EXERCISE:
Read through the data and count the lines that contain the string "real"; give only the result.

[Saved data entries]
· · · · · · ·

(* There is a constant $C>0$ depending only on $d$ such that for all integers $j,p\ge0$, all $g_j\in\mathcal H^d_j$, $g_p\in\mathcal H^d_p$, all $\mathbf x\in\mathbb S^{d-1}$, and all $\ell\ge1$: with $f(\boldsymbol\xi)=K^\infty(\mathbf x,\boldsymbol\xi)g_j(\boldsymbol\xi)$ and $g_{jp}(\boldsymbol\xi)=g_j(\boldsymbol\xi)g_p(\boldsymbol\xi)$, $$\mathrm{dist}(f,\Pi^d_\ell)\le C\frac{j+1}{\ell}\|g_j\|_{L^\infty},\qquad\mathrm{dist}(g_{jp},\Pi^d_\ell)\le C\frac{j+p}{\ell}\|g_j\|_{L^\infty}\|g_p\|_{L^\infty}.$$
   Context: $d\ge2$; $\mathcal H^d_j$ is the space of spherical harmonics of degree $j$ on $\mathbb S^{d-1}$, $\Pi^d_\ell=\bigoplus_{i\le\ell}\mathcal H^d_i$, and $\mathrm{dist}(f,\Pi^d_\ell)=\min_{h\in\Pi^d_\ell}\|f-h\|_{L^\infty(\mathbb S^{d-1})}$. $K^\infty(\mathbf x,\mathbf y)=\frac{(\langle\mathbf x,\mathbf y\rangle+1)(\pi-\arccos\langle\mathbf x,\mathbf y\rangle)}{4\pi}$. *)

theory Defs
  imports "HOL-Analysis.Analysis"
begin

text \<open>Points of R^d are vectors of type real^'n with d = CARD('n).
  The unit sphere S^{d-1} is sphere 0 1.\<close>

definition unit_sph :: "(real^'n) set" where
  "unit_sph = sphere 0 1"

definition homog_poly :: "nat \<Rightarrow> (real^'n \<Rightarrow> real) \<Rightarrow> bool" where
  "homog_poly j P \<longleftrightarrow> (\<exists>c :: ('n \<Rightarrow> nat) \<Rightarrow> real.
      \<forall>x. P x = (\<Sum>\<alpha>\<in>{\<alpha>. (\<Sum>i\<in>UNIV. \<alpha> i) = j}. c \<alpha> * (\<Prod>i\<in>UNIV. (x $ i) ^ \<alpha> i)))"

definition partial_i :: "'n \<Rightarrow> (real^'n \<Rightarrow> real) \<Rightarrow> real^'n \<Rightarrow> real" where
  "partial_i i P x = deriv (\<lambda>t. P (x + t *\<^sub>R axis i 1)) 0"

definition laplacian :: "(real^'n \<Rightarrow> real) \<Rightarrow> real^'n \<Rightarrow> real" where
  "laplacian P x = (\<Sum>i\<in>UNIV. partial_i i (partial_i i P) x)"

definition sph_harm :: "nat \<Rightarrow> (real^'n \<Rightarrow> real) set" where
  "sph_harm j = {g. \<exists>P. homog_poly j P \<and> (\<forall>x. laplacian P x = 0) \<and>
                       (\<forall>\<xi>\<in>unit_sph. g \<xi> = P \<xi>)}"

definition Pi_sph :: "nat \<Rightarrow> (real^'n \<Rightarrow> real) set" where
  "Pi_sph l = {h. \<exists>g. (\<forall>i\<le>l. g i \<in> sph_harm i) \<and>
                     (\<forall>\<xi>\<in>unit_sph. h \<xi> = (\<Sum>i\<le>l. g i \<xi>))}"

definition sup_norm_sph :: "(real^'n \<Rightarrow> real) \<Rightarrow> real" where
  "sup_norm_sph f = (SUP \<xi>\<in>unit_sph. \<bar>f \<xi>\<bar>)"

definition dist_Pi :: "(real^'n \<Rightarrow> real) \<Rightarrow> nat \<Rightarrow> real" where
  "dist_Pi f l = (INF h\<in>Pi_sph l. sup_norm_sph (\<lambda>\<xi>. f \<xi> - h \<xi>))"

definition K_inf :: "real^'n \<Rightarrow> real^'n \<Rightarrow> real" where
  "K_inf x y = ((x \<bullet> y + 1) * (pi - arccos (x \<bullet> y))) / (4 * pi)"

end

theory Submission
  imports Defs "HOL-Analysis.Analysis"
begin

text \<open>
  By Fischer's decomposition P = H + |x|^2 Q (H harmonic), and since |x|^2 = 1 on the sphere,
  the restriction of any polynomial of degree at most l lies in \<Pi>_l. Hence g_j g_p \<in> \<Pi>_l when
  j + p \<le> l, and otherwise the trivial bound |g_j| |g_p| already suffices.

  For the kernel, K(x,\<xi>) = (t + 1)(\<pi>/2 + arcsin t)/(4\<pi>) with t = x \<bullet> \<xi>, and
  arcsin t = (4/\<pi>) \<Sum>_n T_{2n+1}(t)/(2n+1)^2 is the Chebyshev form of the Fourier series
  of a triangle wave. Truncating after N terms costs at most 1/N and leaves a polynomial of
  degree 2N + j in \<xi> after multiplication by g_j; choosing N = (l - j) div 2 gives C = 4.
\<close>

text \<open>Inductive counterpart of homog_poly, better suited to induction.\<close>

inductive homogeneous :: "nat \<Rightarrow> (real^'n \<Rightarrow> real) \<Rightarrow> bool" where
  homogeneous_const: "homogeneous 0 (\<lambda>x. c)"
| homogeneous_coord_mult: "homogeneous j P \<Longrightarrow> homogeneous (Suc j) (\<lambda>x. x$i * P x)"
| homogeneous_add: "homogeneous j P \<Longrightarrow> homogeneous j Q \<Longrightarrow> homogeneous j (\<lambda>x. P x + Q x)"

lemma homogeneous_cong:
  "homogeneous j P \<Longrightarrow> (\<And>x. P x = Q x) \<Longrightarrow> homogeneous j Q"
  using ext[of P Q] by simp

lemma homogeneous_zero: "homogeneous j (\<lambda>x. 0)"
proof (induction j)
  case 0 show ?case using homogeneous_const[of 0] .
next
  case (Suc j) from homogeneous_coord_mult[OF Suc, of undefined] show ?case by simp
qed

lemma homogeneous_cmult: "homogeneous j P \<Longrightarrow> homogeneous j (\<lambda>x. c * P x)"
proof (induction rule: homogeneous.induct)
  case (homogeneous_const d) show ?case using homogeneous.homogeneous_const[of "c*d"] .
next
  case (homogeneous_coord_mult j P i)
  from homogeneous.homogeneous_coord_mult[OF homogeneous_coord_mult.IH, of i] show ?case
    by (rule homogeneous_cong) (simp add: algebra_simps)
next
  case (homogeneous_add j P Q)
  from homogeneous.homogeneous_add[OF homogeneous_add.IH] show ?case
    by (rule homogeneous_cong) (simp add: algebra_simps)
qed

lemma homogeneous_mult:
  "homogeneous a P \<Longrightarrow> homogeneous b Q \<Longrightarrow> homogeneous (a + b) (\<lambda>x. P x * Q x)"
proof (induction arbitrary: Q rule: homogeneous.induct)
  case (homogeneous_const c) then show ?case using homogeneous_cmult by simp
next
  case (homogeneous_coord_mult j P i)
  then have "homogeneous (Suc (j + b)) (\<lambda>x. x$i * (P x * Q x))"
    by (intro homogeneous.homogeneous_coord_mult) simp
  then have "homogeneous (Suc j + b) (\<lambda>x. x$i * (P x * Q x))" by simp
  then show ?case by (rule homogeneous_cong) (simp add: algebra_simps)
next
  case (homogeneous_add j P1 P2)
  from homogeneous.homogeneous_add[OF homogeneous_add.IH[OF homogeneous_add.prems]]
  show ?case by (rule homogeneous_cong) (simp add: algebra_simps)
qed

lemma homogeneous_sum:
  assumes "\<And>a. a \<in> A \<Longrightarrow> homogeneous j (F a)"
  shows "homogeneous j (\<lambda>x. \<Sum>a\<in>A. F a x)"
proof (cases "finite A")
  case True
  then show ?thesis using assms
  proof (induction A rule: finite_induct)
    case empty then show ?case by (simp add: homogeneous_zero)
  next
    case (insert a A)
    from homogeneous_add[OF insert.prems[of a] insert.IH] insert show ?case
      by (rule_tac homogeneous_cong) auto
  qed
qed (simp add: homogeneous_zero)

lemma homogeneous_prod:
  assumes "\<And>a. a \<in> A \<Longrightarrow> homogeneous (\<alpha> a) (F a)"
  shows "homogeneous (\<Sum>a\<in>A. \<alpha> a) (\<lambda>x. \<Prod>a\<in>A. F a x)"
proof (cases "finite A")
  case True
  then show ?thesis using assms
  proof (induction A rule: finite_induct)
    case empty then show ?case using homogeneous_const[of 1] by simp
  next
    case (insert a A)
    from homogeneous_mult[OF insert.prems[of a] insert.IH] insert show ?case
      by (rule_tac homogeneous_cong) auto
  qed
qed (simp add: homogeneous_const)

lemma homogeneous_coord: "homogeneous 1 (\<lambda>x. x$i)"
  using homogeneous_coord_mult[OF homogeneous_const[of 1], of i] by simp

· · · · · · ·

TASK OUTPUT:
12